When relying on forward-looking information to make decisions, investors and others should carefully consider the foregoing factors and other uncertainties and potential events. In making the forward-looking statements contained herein, the Company does not assume any significant future acquisitions, dispositions or one-time items. It does assume, however, the renewal of certain customer contracts. Every year, the Company has major customer contracts that come up for renewal. In addition, the Company also assumes new customer contracts. In this regard, the Company is pursuing large opportunities that present a very long and complex sales cycle which substantially affects its forecasting abilities. The Company has assumed certain timing for the realization of these opportunities which it thinks is reasonable but which may not be achieved. Furthermore, the pursuit of these larger opportunities does not ensure a linear progression of revenue and earnings since they may involve significant up-front costs followed by renewals and cancellations of existing contracts. The Company has assumed certain revenues which may not be realized. The Company has also assumed that the material factors referred to in the previous paragraphs will not cause such forward-looking information to differ materially from actual results or events.

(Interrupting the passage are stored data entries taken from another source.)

lemma focused_or_mono_progression:
  fixes r :: nat
  assumes vdw: "\<And>r. \<exists>N. vdw_bound k r N"
  shows "\<exists>N>0. \<forall>\<chi>. (\<forall>x<N. \<chi> x < r) \<longrightarrow> mono_progression \<chi> (Suc k) N \<or> focused \<chi> k s N"
proof (induction s)
  case 0
  show ?case by (intro exI[of _ 1]) (auto simp: focused_def)
next
  case (Suc s)
  then obtain L where "0 < L"
    and L: "\<And>\<chi>. \<forall>x<L. \<chi> x < r \<Longrightarrow> mono_progression \<chi> (Suc k) L \<or> focused \<chi> k s L"
    by blast
  obtain M where M: "vdw_bound k (r ^ L) M"
    using vdw by blast
  have "mono_progression \<chi> (Suc k) (2 * M * L) \<or> focused \<chi> k (Suc s) (2 * M * L)"
    if bounded: "\<forall>x<2 * M * L. \<chi> x < r" for \<chi>
  proof -
    obtain t e where e: "0 < e" "e \<le> M" "t + k * e < M"
      and periodic: "\<forall>i\<le>k. \<forall>u<L. \<chi> ((t + i * e) * L + u) = \<chi> (t * L + u)"
      using block_progression[OF M, of \<chi>] bounded by auto
    have fits: "t * L + Suc k * (e * L) + L \<le> 2 * M * L"
    proof -
      have "t * L + Suc k * (e * L) + L = (t + k * e + 1 + e) * L"
        by (simp add: algebra_simps)
      also have "\<dots> \<le> (2 * M) * L"
        using e by (intro mult_le_mono1) linarith
      finally show ?thesis by simp
    qed
    have periodic': "\<forall>i\<le>k. \<forall>u<L. \<chi> (t * L + i * (e * L) + u) = \<chi> (t * L + u)"
      using periodic by (simp add: algebra_simps)
    have "mono_progression (\<lambda>u. \<chi> (t * L + u)) (Suc k) L \<or> focused (\<lambda>u. \<chi> (t * L + u)) k s L"
      using L bounded fits by simp
    moreover have "mono_progression \<chi> (Suc k) (2 * M * L)"
      if "mono_progression (\<lambda>u. \<chi> (t * L + u)) (Suc k) L"
      using that by (rule mono_progression_shift) (use fits in simp)
    moreover have "focused \<chi> k (Suc s) (2 * M * L)"
      if "focused \<chi> k (Suc s) (t * L + Suc k * (e * L) + L)"
      using that fits by (rule focused_mono)
    ultimately show ?thesis
      using focused_extend[OF _ periodic'] \<open>0 < L\<close> e(1) by auto
  qed
  moreover have "0 < 2 * M * L"
    using vdw_bound_pos[OF M] \<open>0 < L\<close> by simp
  ultimately show ?case by blast
qed

theorem van_der_waerden: "\<exists>N. vdw_bound k r N"
proof (induction k arbitrary: r)
  case 0
  show ?case
    unfolding vdw_bound_def mono_progression_def by (intro exI[of _ 1]) auto
next
  case (Suc k)
  obtain N where N: "\<And>\<chi>. \<forall>x<N. \<chi> x < r \<Longrightarrow> mono_progression \<chi> (Suc k) N \<or> focused \<chi> k r N"
    using focused_or_mono_progression[OF Suc.IH, of r r] by blast
  have "mono_progression \<chi> (Suc k) N" if bounded: "\<forall>x<N. \<chi> x < r" for \<chi>
    using N[OF bounded]
  proof
    assume "focused \<chi> k r N"
    then obtain f b d where f: "f < N"
      and prog: "\<forall>j<r. 0 < d j \<and> b j + Suc k * d j = f \<and> (\<forall>i\<le>k. \<chi> (b j + i * d j) = \<chi> (b j))"
      and distinct: "inj_on (\<lambda>j. \<chi> (b j)) {..<r}"
      unfolding focused_def by blast
    \<comment> \<open>the \<open>r\<close> progressions use all \<open>r\<close> colours, so one of them shares the colour of the focus\<close>
    have "(\<lambda>j. \<chi> (b j)) ` {..<r} \<subseteq> {..<r}"
      using bounded prog f by (fastforce dest: le_add1[THEN le_less_trans])
    then have "(\<lambda>j. \<chi> (b j)) ` {..<r} = {..<r}"
      using distinct by (simp add: endo_inj_surj)
    moreover have "\<chi> f < r"
      using bounded f by blast
    ultimately obtain j where "j < r" "\<chi> f = \<chi> (b j)"
      by (metis imageE lessThan_iff)
    then show ?thesis
      using prog f by (intro mono_progression_from_focus[of "b j" k "d j" f]) auto
  qed
  then show ?case
    unfolding vdw_bound_def by blast
qed

section \<open>Monochromatic solutions\<close>

lemma monochromatic_dilated_progressions:
  fixes chi z :: "nat \<Rightarrow> nat"
  assumes colouring: "\<forall>x. 0 < x \<longrightarrow> chi x < m" and pos: "\<forall>i\<le>m. 0 < z i"
  shows "\<exists>i j s d col. i < j \<and> j \<le> m \<and> 0 < s \<and> 0 < d \<and>
           (\<forall>u\<le>K. chi (z i * (s + u * d)) = col \<and> chi (z j * (s + u * d)) = col)"
proof -
  define C where "C = {xs. set xs \<subseteq> {..<m} \<and> length xs = Suc m}"
  define colours where "colours t = map (\<lambda>i. chi (z i * Suc t)) [0..<Suc m]" for t
  obtain N where "vdw_bound K (m ^ Suc m) N"
    using van_der_waerden by blast
  moreover have "card C = m ^ Suc m" "finite C"
    unfolding C_def by (simp_all add: card_lists_length_eq finite_lists_length_eq)
  moreover have "colours t \<in> C" for t
    using colouring pos unfolding C_def colours_def by auto
  ultimately have "mono_progression colours K N"
    using vdw_bound_finite_colours[of K C N colours] by simp
  then obtain a d where "0 < d" and same: "\<forall>u\<le>K. colours (a + u * d) = colours a"
    unfolding mono_progression_def by blast
  have same_colour: "chi (z i * (Suc a + u * d)) = chi (z i * Suc a)" if "u \<le> K" "i \<le> m" for i u
  proof -
    have "colours (a + u * d) ! i = colours a ! i"
      using same that(1) by simp
    then show ?thesis
      using that(2) unfolding colours_def by (simp del: upt_Suc)
  qed
  define F where "F i = chi (z i * Suc a)" for i
  have "\<not> inj_on F {..m}"
  proof
    assume "inj_on F {..m}"
    moreover have "F ` {..m} \<subseteq> {..<m}"
      using colouring pos unfolding F_def by auto
    ultimately have "card {..m} \<le> card {..<m}"
      using finite_lessThan by (rule card_inj_on_le)
    then show False by simp
  qed
  then have "\<exists>i j. i < j \<and> j \<le> m \<and> F i = F j"
    unfolding inj_on_def by (metis atMost_iff linorder_neqE_nat)
  then obtain i j where ij: "i < j" "j \<le> m" "F i = F j"
    by blast
  then have "\<forall>u\<le>K. chi (z i * (Suc a + u * d)) = F i \<and> chi (z j * (Suc a + u * d)) = F i"
    using same_colour unfolding F_def by simp
  then show ?thesis
    using ij(1,2) \<open>0 < d\<close> by blast
qed

definition augmented_first_row :: "(nat \<Rightarrow> nat \<Rightarrow> rat) \<Rightarrow> nat \<Rightarrow> rat" where
  "augmented_first_row c i = (if i = 0 then 1 else c 1 i)"

lemma augmented_first_row_pos:
  assumes pos: "\<forall>i\<in>{1..m}. \<forall>j\<in>{1..m}. i \<le> j \<longrightarrow> 0 < c i j" and "i \<le> m"
  shows "0 < augmented_first_row c i"
proof (cases "i = 0")
  case False
  then have "1 \<in> {1..m}" "i \<in> {1..m}" "1 \<le> i"
    using \<open>i \<le> m\<close> by auto
  then show ?thesis
    using pos False unfolding augmented_first_row_def by simp
qed (simp add: augmented_first_row_def)

lemma augmented_first_row_ratio:
  assumes entries: "\<forall>i\<in>{1..m}. \<forall>j\<in>{1..m}. i \<le> j \<longrightarrow> (\<exists>l\<in>{1..n}. c i j = S_val n a l)"
    and link: "linkage_property m c" and "i < j" "j \<le> m"
  shows "\<exists>l\<in>{1..n}. augmented_first_row c j = augmented_first_row c i * S_val n a l"
proof (cases "i = 0")
  case True
  have "1 \<in> {1..m}" "j \<in> {1..m}" "1 \<le> j"
    using True assms(3,4) by auto
  then obtain l where "l \<in> {1..n}" "c 1 j = S_val n a l"
    using entries by blast
  then show ?thesis
    using True assms(3) by (auto simp: augmented_first_row_def)
next
  case False
  then have "c 1 i * c (i + 1) j = c 1 j"
    using link assms(3,4) unfolding linkage_property_def by auto
  moreover have "i + 1 \<in> {1..m}" "j \<in> {1..m}" "i + 1 \<le> j"
    using assms(3,4) by auto
  moreover obtain l where "l \<in> {1..n}" "c (i + 1) j = S_val n a l"
    using entries calculation(2-4) by blast
  ultimately show ?thesis
    using False assms(3) by (intro bexI[of _ l]) (auto simp: augmented_first_row_def)
qed

lemma common_denominator:
  fixes q :: "'i \<Rightarrow> rat"
  assumes "finite I"
  shows "\<exists>D::nat. 0 < D \<and> (\<forall>i\<in>I. of_nat D * q i \<in> \<int>)"
  using assms
proof (induction I rule: finite_induct)
  case empty
  show ?case by (intro exI[of _ 1]) simp
next
  case (insert i I)
  then obtain D :: nat where D: "0 < D" "\<forall>j\<in>I. of_nat D * q j \<in> \<int>"
    by blast
  obtain p d where pd: "quotient_of (q i) = (p, d)"
    by (cases "quotient_of (q i)")
  have "0 < d" "q i = of_int p / of_int d"
    using quotient_of_denom_pos[OF pd] quotient_of_div[OF pd] by simp_all
  then have qi: "of_nat (D * nat d) * q i = of_int (int D * p)"
    by simp
  have qj: "of_nat (D * nat d) * q j = (of_nat D * q j) * of_int d" for j
    using \<open>0 < d\<close> by simp
  have "of_nat (D * nat d) * q j \<in> \<int>" if "j \<in> insert i I" for j
  proof (cases "j = i")
    case True
    then show ?thesis using qi by (metis Ints_of_int)
  next
    case False
    then have "of_nat D * q j \<in> \<int>"
      using D(2) that by simp
    then show ?thesis
      unfolding qj by (rule Ints_mult[OF _ Ints_of_int])
  qed
  then show ?case
    using D(1) \<open>0 < d\<close> by (intro exI[of _ "D * nat d"]) auto
qed

lemma positive_integral_multiple:
  fixes q :: "'i \<Rightarrow> rat"
  assumes "finite I" "\<forall>i\<in>I. 0 < q i"
  shows "\<exists>D>0. \<exists>z::'i \<Rightarrow> nat. \<forall>i\<in>I. 0 < z i \<and> of_nat (z i) = D * q i"
proof -
  obtain D :: nat where "0 < D" and D: "\<forall>i\<in>I. of_nat D * q i \<in> \<int>"
    using common_denominator[OF assms(1)] by blast
  define z where "z i = nat \<lfloor>of_nat D * q i\<rfloor>" for i
  have "0 < z i \<and> of_nat (z i) = of_nat D * q i" if i: "i \<in> I" for i
  proof -
    obtain k where k: "of_nat D * q i = of_int k"
      using D i by (auto elim: Ints_cases)
    moreover have "0 < of_nat D * q i"
      using \<open>0 < D\<close> assms(2) i by simp
    ultimately have "0 < k"
      by simp
    then show ?thesis
      unfolding z_def k by simp
  qed
  then show ?thesis
    using \<open>0 < D\<close> by (intro exI[of _ "of_nat D"]) auto
qed

lemma S_val_eq:
  assumes "l \<in> {1..n}"
  shows "S_val n a l = - of_int (\<Sum>k\<in>{1..n} - {l}. a k) / of_int (a l)"
  using assms by (simp add: S_val_def sum.remove)

lemma not_multiple_imp_cross_ne:
  assumes "\<not> is_multiple n a A" "a l \<noteq> 0"
  shows "\<exists>k\<in>{1..n}. a l * A k \<noteq> A l * a k"
proof (rule ccontr)
  assume "\<not> ?thesis"
  then have "of_int (A k) = of_int (A l) / of_int (a l) * (of_int (a k) :: rat)" if "k \<in> {1..n}" for k
    using that assms(2) by (simp add: field_simps flip: of_int_mult)
  then show False
    using assms(1) unfolding is_multiple_def by blast
qed

lemma avoid_zeros_of_affine_functions:
  fixes \<beta> c :: "'j \<Rightarrow> 'a::{idom,ring_char_0}"
  assumes "finite J" "\<forall>j\<in>J. \<beta> j \<noteq> 0"
  shows "\<exists>z\<le>card J. \<forall>j\<in>J. c j + \<beta> j * of_nat z \<noteq> 0"
proof -
  define root where "root j = (SOME z. c j + \<beta> j * of_nat z = 0)" for j
  define bad where "bad = {z. \<exists>j\<in>J. c j + \<beta> j * of_nat z = 0}"
  have "bad \<subseteq> root ` J"
  proof
    fix z assume "z \<in> bad"
    then obtain j where j: "j \<in> J" "c j + \<beta> j * of_nat z = 0"
      unfolding bad_def by blast
    have "c j + \<beta> j * of_nat (root j) = 0"
      using j(2) unfolding root_def by (rule someI)
    with j(2) have "\<beta> j * of_nat (root j) = \<beta> j * of_nat z"
      by (metis add_left_cancel)
    with j(1) assms(2) have "root j = z"
      by simp
    with j(1) show "z \<in> root ` J" by blast
  qed
  then have "finite bad" "card bad \<le> card J"
    using assms(1) card_image_le[OF assms(1), of root]
    by (auto intro: finite_subset dest: card_mono[rotated])
  have "\<not> {0..card J} \<subseteq> bad"
  proof
    assume "{0..card J} \<subseteq> bad"
    then have "card {0..card J} \<le> card bad"
      by (rule card_mono[OF \<open>finite bad\<close>])
    with \<open>card bad \<le> card J\<close> show False
      by simp
  qed
  then show ?thesis
    unfolding bad_def by auto
qed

The foregoing list of factors is not exhaustive and is subject to change and there can be no assurance that such assumptions will reflect the actual outcome of such items or factors. Other factors that should be considered are discussed from time to time in Catamaran's filings with the U.S. Securities and Exchange Commission, including the risks and uncertainties discussed under the captions "Risk Factors" and "Management's Discussion and Analysis of Financial Condition and Results of Operations" in our 2011 Annual Report on Form 10-K and subsequent Form 10-Qs, which are available at www.sec.gov. Investors are cautioned not to put undue reliance on forward-looking statements. All subsequent written and oral forward-looking statements attributable to Catamaran or persons acting on our behalf are expressly qualified in their entirety by this notice. We disclaim any intent or obligation to update publicly these forward-looking statements, whether as a result of new information, future events or otherwise.
THE FORWARD-LOOKING INFORMATION CONTAINED IN THIS RELEASE REPRESENTS THE COMPANY'S CURRENT EXPECTATIONS AND, ACCORDINGLY, IS SUBJECT TO CHANGE. HOWEVER, THE COMPANY EXPRESSLY DISCLAIMS ANY INTENTION OR OBLIGATION TO UPDATE OR REVISE ANY FORWARD-LOOKING INFORMATION, WHETHER AS A RESULT OF NEW INFORMATION, FUTURE EVENTS OR OTHERWISE, EXCEPT AS REQUIRED BY APPLICABLE LAW.